国内通信大手のNTTドコモが、既存の常識を打ち破る大胆なキャンペーンを打ち出しました。2019年11月26日、同社はAmazonジャパンが提供する人気有料会員サービス「Amazonプライム」の年会費を、1年間ドコモが全額負担すると発表したのです。対象となるのは、2019年6月から提供されている新料金プランの契約者たちです。通信キャリアとECプラットフォームの巨人が手を組んだこの試みは、今後のモバイル業界の勢力図を大きく塗り替える可能性を秘めているでしょう。
今回の施策の目玉は、何といっても「Amazonプライム」の年会費4,900円(税込)が完全に無料になる点にあります。プライム会員になれば、注文した商品がその日に届く当日配送や、好きな時間に受け取れる配送日時指定が使い放題になるほか、動画配信サービスの「プライム・ビデオ」といった多彩な特典を享受できます。これほど魅力的な付加価値を、ドコモが自腹を切ってまで提供する背景には、激化する顧客獲得競争と、目前に迫った次世代通信規格「5G」の足音があるようです。
具体的にこの恩恵を受けられるのは、大容量データ通信が可能な「ギガホ」の契約者です。ギガホとは、月に30ギガバイト(10億バイト)もの膨大なデータを扱えるプランのことで、動画視聴やゲームを存分に楽しみたい層に支持されています。さらに、データ使用量に応じて料金が変動する「ギガライト」のユーザーも、当面の間はこのキャンペーンの対象に含まれることになりました。2019年12月01日から受付が開始されるため、冬の商戦期に向けた大きな注目を集めるのは間違いないでしょう。
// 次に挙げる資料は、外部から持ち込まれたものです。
(* Let $\alpha\in\mathbb{R}$, let $\kappa\in\mathbb{N}_0\cup\{\infty\}$ and let $(s_j)_{j=0}^{\kappa}$ be a sequence of Hermitian complex $q\times q$ matrices. Let $\mathcal{G}$ be a subset of $\mathbb{C}$ with $\mathcal{G}\setminus\mathbb{R}\ne\emptyset$. Further, let $f\colon\mathcal{G}\to\mathbb{C}^{q\times q}$ be a matrix-valued function, let $\mathcal{G}^\vee:=\{z\in\mathbb{C}:\bar z\in\mathcal{G}\}$, and let $f^\vee\colon\mathcal{G}^\vee\to\mathbb{C}^{q\times q}$ be defined by $f^\vee(z):=f^*(\bar z)$. For each $k\in\{-1,0,\dots,\kappa\}$ and each $z\in\mathcal{G}^\vee\setminus\mathbb{R}$, there is a complex $(m_k+2)q\times(m_k+2)q$ matrix $X_k(z)$ such that $P_k^{[f^\vee]}(z)=X_k(z)P_k^{[f]}(\bar z)X_k^*(z)$.
   Context: Here $m_{-1}$ is understood so that $P_{-1}$ is $q\times q$ (i.e. $(m_{-1}+2)q=q$), and $m_{2k}:=k$, $m_{2k+1}:=k$ for $k\in\mathbb{N}_0$. Notation: $s_{-1}:=0$, $s_{\alpha\triangleright j}:=-\alpha s_j+s_{j+1}$, $H_n:=[s_{j+k}]_{j,k=0}^n$, $H_{\alpha\triangleright n}:=[s_{\alpha\triangleright j+k}]_{j,k=0}^n$, $y_{0,n}:=\operatorname{col}(s_j)_{j=0}^n$, $u_n:=-\operatorname{col}(s_{j-1})_{j=0}^n$, $T_{q,n}:=[\delta_{j,k+1}I_q]_{j,k=0}^n$, $v_{q,n}:=\operatorname{col}(\delta_{j,0}I_q)_{j=0}^n$, $R_{T_{q,n}}(z):=(I_{(n+1)q}-zT_{q,n})^{-1}$. For $z\in\mathcal{G}\setminus\mathbb{R}$: $P_{2n}^{[f]}(z):=\begin{bmatrix}H_n & R_{T_{q,n}}(z)[v_{q,n}f(z)-u_n]\\ (R_{T_{q,n}}(z)[v_{q,n}f(z)-u_n])^* & \frac{f(z)-f^*(z)}{z-\bar z}\end{bmatrix}$ for $2n\le\kappa$; $P_{2n+1}^{[f]}(z):=\begin{bmatrix}H_{\alpha\triangleright n} & B(z)\\ B(z)^* & \frac{(z-\alpha)f(z)-[(z-\alpha)f(z)]^*}{z-\bar z}\end{bmatrix}$ with $B(z):=R_{T_{q,n}}(z)(v_{q,n}(z-\alpha)f(z)-(-\alpha u_n-y_{0,n}))$ for $2n+1\le\kappa$; and $P_{-1}^{[f]}(z):=\frac{(z-\alpha)f(z)-[(z-\alpha)f(z)]^*}{z-\bar z}$. *)

theory Defs
  imports "Jordan_Normal_Form.Schur_Decomposition" "Jordan_Normal_Form.Gauss_Jordan_Elimination"
    "HOL-Library.Extended_Nat"
begin
lemma corner_block_mult:
  assumes X: "X \<in> carrier_mat m m" and Y: "Y \<in> carrier_mat m m"
  shows "corner_block a X * corner_block b Y = corner_block (a * b) (X * Y)"
proof -
  have "corner_block a X * corner_block b Y =
      four_block_mat (mat 1 1 (\<lambda>_. a) * mat 1 1 (\<lambda>_. b) + 0\<^sub>m 1 m * 0\<^sub>m m 1)
        (mat 1 1 (\<lambda>_. a) * 0\<^sub>m 1 m + 0\<^sub>m 1 m * Y)
        (0\<^sub>m m 1 * mat 1 1 (\<lambda>_. b) + X * 0\<^sub>m m 1)
        (0\<^sub>m m 1 * 0\<^sub>m 1 m + X * Y)"
    unfolding corner_block_def using X Y by (subst mult_four_block_mat[of _ 1 1 _ m _ m]) auto
  also have "\<dots> = corner_block (a * b) (X * Y)"
    unfolding corner_block_def using X Y
    by (intro cong_four_block_mat eq_matI) (auto simp: scalar_prod_def)
  finally show ?thesis .
qed

lemma mat_adjoint_corner_block: "mat_adjoint (corner_block a X) = corner_block (cnj a) (mat_adjoint X)"
  by (rule eq_matI) auto

lemma corner_block_one: "corner_block 1 (1\<^sub>m m) = 1\<^sub>m (Suc m)"
  by (rule eq_matI) auto

lemma corner_block_mat_diag:
  "corner_block a (mat_diag m f) = mat_diag (Suc m) (\<lambda>i. if i = 0 then a else f (i - 1))"
  by (rule eq_matI) auto

lemma corner_block_eq_one_iff:
  assumes "X \<in> carrier_mat m m"
  shows "corner_block a X = 1\<^sub>m (Suc m) \<longleftrightarrow> a = 1 \<and> X = 1\<^sub>m m"
proof
  assume eq: "corner_block a X = 1\<^sub>m (Suc m)"
  have "corner_block a X $$ (Suc i, Suc j) = 1\<^sub>m (Suc m) $$ (Suc i, Suc j)"
    if "i < m" "j < m" for i j
    using eq by simp
  then have "X = 1\<^sub>m m" using assms by (intro eq_matI) auto
  moreover have "a = 1" using arg_cong[OF eq, of "\<lambda>M. M $$ (0,0)"] assms by simp
  ultimately show "a = 1 \<and> X = 1\<^sub>m m" by simp
qed (simp add: corner_block_one)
端末値引き制限の壁を越える!5G時代に向けた「囲い込み」の新機軸
なぜドコモは、これほどまでに強気なキャンペーンに踏み切ったのでしょうか。その答えは、2019年10月01日に施行された改正電気通信事業法にあります。この新しいルールでは、スマートフォン端末の過度な値引きが2万円までに制限されました。これまでのような「端末価格の実質0円」といった手法で顧客を惹きつけることが困難になったため、各社は通信料金そのものの魅力や、外部サービスとの連携といった「中身」の充実で勝負せざるを得なくなったのです。
SNS上では「ドコモユーザーで良かった」「Amazonをよく使うから実質的な値下げで嬉しい」といった喜びの声が上がる一方で、他キャリアのユーザーからは「自分の会社も追随してほしい」という羨望の眼差しが向けられています。ドコモ側も、実は1年以上前からこの連携を虎視眈々と準備してきました。過去に招待制で実施した試験的なキャンペーンにおいて、解約率の低下や新規顧客の獲得に劇的な効果が見られたことが、今回の本格導入を後押しした決め手となったようです。
私個人の見解としては、この動きは単なるサービス合戦ではなく、生活インフラとしての「プラットフォームの融合」だと感じます。通信回線を選ぶことが、そのまま動画配信やショッピングの利便性に直結する時代が到来したのです。5Gという超高速・低遅延の世界では、リッチなコンテンツをいかにストレスなく提供できるかが鍵となります。ドコモがAmazonという強力なパートナーを選んだことは、5G時代の覇権を握るための極めて賢明な一手と言えるのではないでしょうか。